text \<open>
  Writing \<open>a = \<kappa> cos \<psi>\<close> and \<open>b = \<kappa>/2 cos \<psi> + \<surd>3\<kappa>/2 sin \<psi>\<close>, the third
  argument of equation (**) is \<open>a - b\<close>; since each cosine is at most 1, (**) holds iff
  \<open>a\<close> and \<open>b\<close> both lie in \<open>2\<pi>\<int>\<close>.  For a nonzero solution the quotient \<open>b/a\<close> is then
  rational (or \<open>cos \<psi> = 0\<close>), and \<open>b/a - 1 = (\<surd>3 tan \<psi> - 1)/2\<close>.  Conversely, if this
  slope is rational it equals \<open>m2/m1\<close> in lowest terms, and normalising the vector
  \<open>(\<surd>3 m1, m1 + 2 m2)\<close> recovers \<open>(cos \<psi>, sin \<psi>)\<close> with the norm
  \<open>2 \<surd>(m1\<^sup>2 + m1 m2 + m2\<^sup>2)\<close>.  With this parametrisation \<open>a/(2\<pi>) = t m1\<close> and
  \<open>b/(2\<pi>) = t (m1 + m2)\<close> for \<open>t = \<surd>3 \<kappa> / (4\<pi> \<surd>N)\<close>, and by Bezout (the two
  coefficients are coprime) both are integers iff \<open>t\<close> is; this is the stated lattice.
\<close>

lemma cos_eq_1_iff_Ints: "cos x = 1 \<longleftrightarrow> x / (2 * pi) \<in> \<int>"
proof -
  have "(\<exists>n::int. x = n * 2 * pi) \<longleftrightarrow> (\<exists>n::int. x / (2 * pi) = n)"
    using pi_gt_zero by (auto simp: field_simps)
  then show ?thesis by (auto simp: cos_one_2pi_int Ints_def)
qed
(* Let $G$ be a finite simple graph on $[d]$ and let $I\in\{\langle [I_G]_2\rangle, J_G, L_G\}$. If $\mathcal{G}$ is the reduced Gröbner basis of $I$ with respect to a reverse lexicographic order on $R[G]$ such that $x_S\ge x_\emptyset$ for every $S\in S(G)$, then $\{\, g/x_\emptyset^{k} : g\in\mathcal{G},\ k\in\mathbb{Z}_{\ge0},\ x_\emptyset^k \text{ divides } g,\ x_\emptyset^{k+1}\text{ does not divide } g\,\}$ is a Gröbner basis of $I_G$.
   Context: A stable set of $G$ is a subset of $[d]$ with no edge of $G$ (including $\emptyset$ and singletons); $S(G)$ is the set of stable sets; $R[G]=\mathbb{K}[x_S : S\in S(G)]$ over a field $\mathbb{K}$, all variables of degree $1$. $I_G$ is the kernel of $\pi:R[G]\to\mathbb{K}[t_1,\dots,t_d,s]$, $\pi(x_S)=s\prod_{j\in S}t_j$. $\langle [I_G]_2\rangle$ is the ideal generated by the degree-$2$ homogeneous elements of $I_G$. $J_G$ is the ideal generated by all $x_{S_1}x_{S_2}-x_{S_3}x_{S_4}$ with $S_i\in S(G)$, $S_1\cap S_2=S_3\cap S_4=\emptyset$, $S_1\cup S_2=S_3\cup S_4$. $L_G=\langle x_{S\setminus\{i\}}x_{\{i\}}-x_Sx_\emptyset : i\in S\in S(G),\ |S|\ge2\rangle$. The (graded) reverse lexicographic order induced by an ordering $y_1>\dots>y_n$ of the variables: $u<v$ if $\deg u<\deg v$, or degrees are equal and the rightmost nonzero entry of the exponent vector of $v$ minus that of $u$ is negative. A Gröbner basis of $I$ w.r.t. $<$ is a finite subset of $I$ whose leading monomials generate ${\rm in}_<(I)$; it is reduced if all leading coefficients are $1$ and no monomial of any element lies in the ideal generated by the leading monomials of the other elements. *)

theory Defs
  imports Main "HOL-Library.Poly_Mapping"
begin

text \<open>Variables of R[G] are indexed by stable sets (type nat set); monomials are
  nat set =>0 nat; polynomials with coefficients in 'k are
  (nat set =>0 nat) =>0 k.\<close>

type_synonym mon = "nat set \<Rightarrow>\<^sub>0 nat"
type_synonym 'k pol = "mon \<Rightarrow>\<^sub>0 'k"

definition simple_graph :: "nat \<Rightarrow> nat set set \<Rightarrow> bool" where
  "simple_graph d E \<longleftrightarrow> (\<forall>e\<in>E. \<exists>i j. i \<noteq> j \<and> i \<in> {1..d} \<and> j \<in> {1..d} \<and> e = {i, j})"

definition stable_sets :: "nat \<Rightarrow> nat set set \<Rightarrow> nat set set" where
  "stable_sets d E = {S. S \<subseteq> {1..d} \<and> (\<forall>e\<in>E. \<not> e \<subseteq> S)}"

definition var :: "nat set \<Rightarrow> 'k::comm_ring_1 pol" where
  "var S = Poly_Mapping.single (Poly_Mapping.single S 1) 1"

definition mon_poly :: "mon \<Rightarrow> 'k::comm_ring_1 pol" where
  "mon_poly m = Poly_Mapping.single m 1"

definition mdeg :: "mon \<Rightarrow> nat" where
  "mdeg m = (\<Sum>S\<in>Poly_Mapping.keys m. Poly_Mapping.lookup m S)"

definition in_ring :: "nat set set \<Rightarrow> 'k::comm_ring_1 pol \<Rightarrow> bool" where
  "in_ring V p \<longleftrightarrow> (\<forall>m\<in>Poly_Mapping.keys p. Poly_Mapping.keys m \<subseteq> V)"

inductive_set ideal_in :: "nat set set \<Rightarrow> 'k::comm_ring_1 pol set \<Rightarrow> 'k pol set"
  for V F where
  zero: "0 \<in> ideal_in V F"
| gen: "f \<in> F \<Longrightarrow> f \<in> ideal_in V F"
| add: "p \<in> ideal_in V F \<Longrightarrow> q \<in> ideal_in V F \<Longrightarrow> p + q \<in> ideal_in V F"
| mult: "in_ring V q \<Longrightarrow> p \<in> ideal_in V F \<Longrightarrow> q * p \<in> ideal_in V F"

text \<open>The map pi : x_S \<mapsto> s * prod_{j\<in>S} t_j into K[t_1..t_d, s];
  target variables: None = s, Some j = t_j.\<close>
definition pi_mon :: "mon \<Rightarrow> (nat option \<Rightarrow>\<^sub>0 nat)" where
  "pi_mon m = (\<Sum>S\<in>Poly_Mapping.keys m. Poly_Mapping.single None (Poly_Mapping.lookup m S)
                 + (\<Sum>j\<in>S. Poly_Mapping.single (Some j) (Poly_Mapping.lookup m S)))"

definition pi_map :: "'k::comm_ring_1 pol \<Rightarrow> (nat option \<Rightarrow>\<^sub>0 nat) \<Rightarrow>\<^sub>0 'k" where
  "pi_map p = (\<Sum>m\<in>Poly_Mapping.keys p. Poly_Mapping.single (pi_mon m) (Poly_Mapping.lookup p m))"

definition I_G :: "nat \<Rightarrow> nat set set \<Rightarrow> 'k::comm_ring_1 pol set" where
  "I_G d E = {p. in_ring (stable_sets d E) p \<and> pi_map p = 0}"

definition I_G_2 :: "nat \<Rightarrow> nat set set \<Rightarrow> 'k::comm_ring_1 pol set" where
  "I_G_2 d E = {p \<in> I_G d E. \<forall>m\<in>Poly_Mapping.keys p. mdeg m = 2}"

definition J_G :: "nat \<Rightarrow> nat set set \<Rightarrow> 'k::comm_ring_1 pol set" where
  "J_G d E = ideal_in (stable_sets d E)
     {var S1 * var S2 - var S3 * var S4 | S1 S2 S3 S4.
        S1 \<in> stable_sets d E \<and> S2 \<in> stable_sets d E \<and> S3 \<in> stable_sets d E \<and> S4 \<in> stable_sets d E
        \<and> S1 \<inter> S2 = {} \<and> S3 \<inter> S4 = {} \<and> S1 \<union> S2 = S3 \<union> S4}"

definition L_G :: "nat \<Rightarrow> nat set set \<Rightarrow> 'k::comm_ring_1 pol set" where
  "L_G d E = ideal_in (stable_sets d E)
     {var (S - {i}) * var {i} - var S * var {} | S i.
        S \<in> stable_sets d E \<and> i \<in> S \<and> card S \<ge> 2}"

text \<open>Graded reverse lexicographic order induced by a ranking w of the variables:
  x_S > x_T iff w S > w T (w injective on the variables). Thus the "rightmost"
  entry of an exponent vector is the one of the variable with smallest w.
  u < v iff deg u < deg v, or degrees are equal and the entry of v - u at the
  smallest variable where u and v differ is negative.\<close>
definition revlex_less :: "(nat set \<Rightarrow> nat) \<Rightarrow> mon \<Rightarrow> mon \<Rightarrow> bool" where
  "revlex_less w u v \<longleftrightarrow> mdeg u < mdeg v \<or>
     (mdeg u = mdeg v \<and> (\<exists>S. Poly_Mapping.lookup v S < Poly_Mapping.lookup u S \<and>
        (\<forall>T. Poly_Mapping.lookup u T \<noteq> Poly_Mapping.lookup v T \<longrightarrow> w S \<le> w T)))"

definition lead_mon :: "(nat set \<Rightarrow> nat) \<Rightarrow> 'k::comm_ring_1 pol \<Rightarrow> mon" where
  "lead_mon w p = (THE m. m \<in> Poly_Mapping.keys p \<and> (\<forall>m'\<in>Poly_Mapping.keys p. m' \<noteq> m \<longrightarrow> revlex_less w m' m))"

definition lead_coeff_mp :: "(nat set \<Rightarrow> nat) \<Rightarrow> 'k::comm_ring_1 pol \<Rightarrow> 'k" where
  "lead_coeff_mp w p = Poly_Mapping.lookup p (lead_mon w p)"

definition init_ideal :: "nat set set \<Rightarrow> (nat set \<Rightarrow> nat) \<Rightarrow> 'k::comm_ring_1 pol set \<Rightarrow> 'k pol set" where
  "init_ideal V w I = ideal_in V {mon_poly (lead_mon w p) | p. p \<in> I \<and> p \<noteq> 0}"

definition lm_ideal :: "nat set set \<Rightarrow> (nat set \<Rightarrow> nat) \<Rightarrow> 'k::comm_ring_1 pol set \<Rightarrow> 'k pol set" where
  "lm_ideal V w G = ideal_in V {mon_poly (lead_mon w g) | g. g \<in> G \<and> g \<noteq> 0}"

definition is_groebner_basis :: "nat set set \<Rightarrow> (nat set \<Rightarrow> nat) \<Rightarrow> 'k::comm_ring_1 pol set \<Rightarrow> 'k pol set \<Rightarrow> bool" where
  "is_groebner_basis V w I G \<longleftrightarrow> finite G \<and> G \<subseteq> I \<and> lm_ideal V w G = init_ideal V w I"

definition is_reduced_groebner_basis :: "nat set set \<Rightarrow> (nat set \<Rightarrow> nat) \<Rightarrow> 'k::comm_ring_1 pol set \<Rightarrow> 'k pol set \<Rightarrow> bool" where
  "is_reduced_groebner_basis V w I G \<longleftrightarrow> is_groebner_basis V w I G \<and>
     (\<forall>g\<in>G. g \<noteq> 0 \<and> lead_coeff_mp w g = 1) \<and>
     (\<forall>g\<in>G. \<forall>m\<in>Poly_Mapping.keys g. mon_poly m \<notin> lm_ideal V w (G - {g}))"

end

theory Submission
  imports Defs
begin

(* Modulo L_G one has x_\<emptyset>^|S| x_S \<equiv> x_\<emptyset> \<Prod>_{j\<in>S} x_{{j}}. Multiplying a monomial m by a
  suitable power of x_\<emptyset> therefore makes it congruent to a normal form that only depends on
  \<pi>(m), so every f \<in> I_G satisfies x_\<emptyset>^K f \<in> L_G for large K. Each of the three ideals I lies
  between L_G and I_G and is generated by quadratics, hence its reduced Groebner basis consists
  of homogeneous polynomials. For homogeneous h not divisible by x_\<emptyset>, the revlex order with
  x_\<emptyset> as smallest variable forces x_\<emptyset> not to divide in(h). So if in(g) = x_\<emptyset>^k in(h) divides
  in(x_\<emptyset>^K f) = x_\<emptyset>^K in(f), then in(h) divides in(f). *)

abbreviation keys :: "('a \<Rightarrow>\<^sub>0 'b::zero) \<Rightarrow> 'a set" where
  "keys \<equiv> Poly_Mapping.keys"

abbreviation lookup :: "('a \<Rightarrow>\<^sub>0 'b::zero) \<Rightarrow> 'a \<Rightarrow> 'b" where
  "lookup \<equiv> Poly_Mapping.lookup"

abbreviation single :: "'a \<Rightarrow> 'b::zero \<Rightarrow> 'a \<Rightarrow>\<^sub>0 'b" where
  "single \<equiv> Poly_Mapping.single"

section \<open>Monomials and the reverse lexicographic order\<close>

lemma keys_add_nat: "keys (a + b :: 'a \<Rightarrow>\<^sub>0 nat) = keys a \<union> keys b"
  by (auto simp: in_keys_iff lookup_add)

lemma mdeg_add: "mdeg (a + b) = mdeg a + mdeg b"
  unfolding mdeg_def by (rule setsum_keys_plus_distrib) auto

lemma mdeg_single [simp]: "mdeg (single S n) = n"
  by (simp add: mdeg_def)

lemma mdeg_zero [simp]: "mdeg 0 = 0"
  by (simp add: mdeg_def)

lemma mdeg_eq_0_iff: "mdeg m = 0 \<longleftrightarrow> m = 0"
  by (auto simp: mdeg_def in_keys_iff intro!: poly_mapping_eqI)

lemma mdeg_sum: "mdeg (sum f A) = (\<Sum>a\<in>A. mdeg (f a))"
  by (induction A rule: infinite_finite_induct) (auto simp: mdeg_add)

lemma mon_dvd_cancel_single:
  fixes a b r :: mon
  assumes "single S K + a = single S k + b + r" and "lookup b S = 0"
  obtains r' where "a = b + r'"
proof
  have "lookup b T \<le> lookup a T" for T
    using arg_cong[OF assms(1), of "\<lambda>m. lookup m T"] assms(2)
    by (cases "T = S") (auto simp: lookup_add lookup_single)
  then show "a = b + (a - b)"
    by (intro poly_mapping_eqI) (simp add: lookup_add lookup_minus)
qed

lemma revlex_less_add_left: "revlex_less w (a + u) (a + v) \<longleftrightarrow> revlex_less w u v"
  by (simp add: revlex_less_def mdeg_add lookup_add)

lemma lookup_ne_in_keys: "lookup u S \<noteq> lookup v S \<Longrightarrow> S \<in> keys u \<union> keys v"
  by (auto simp: in_keys_iff)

**Assigned task**:
Where a line of the entries above holds the word "using", return that line.

**Final answer**:
    using pi_gt_zero by (auto simp: field_simps)
    using arg_cong[OF assms(1), of "\<lambda>m. lookup m T"] assms(2)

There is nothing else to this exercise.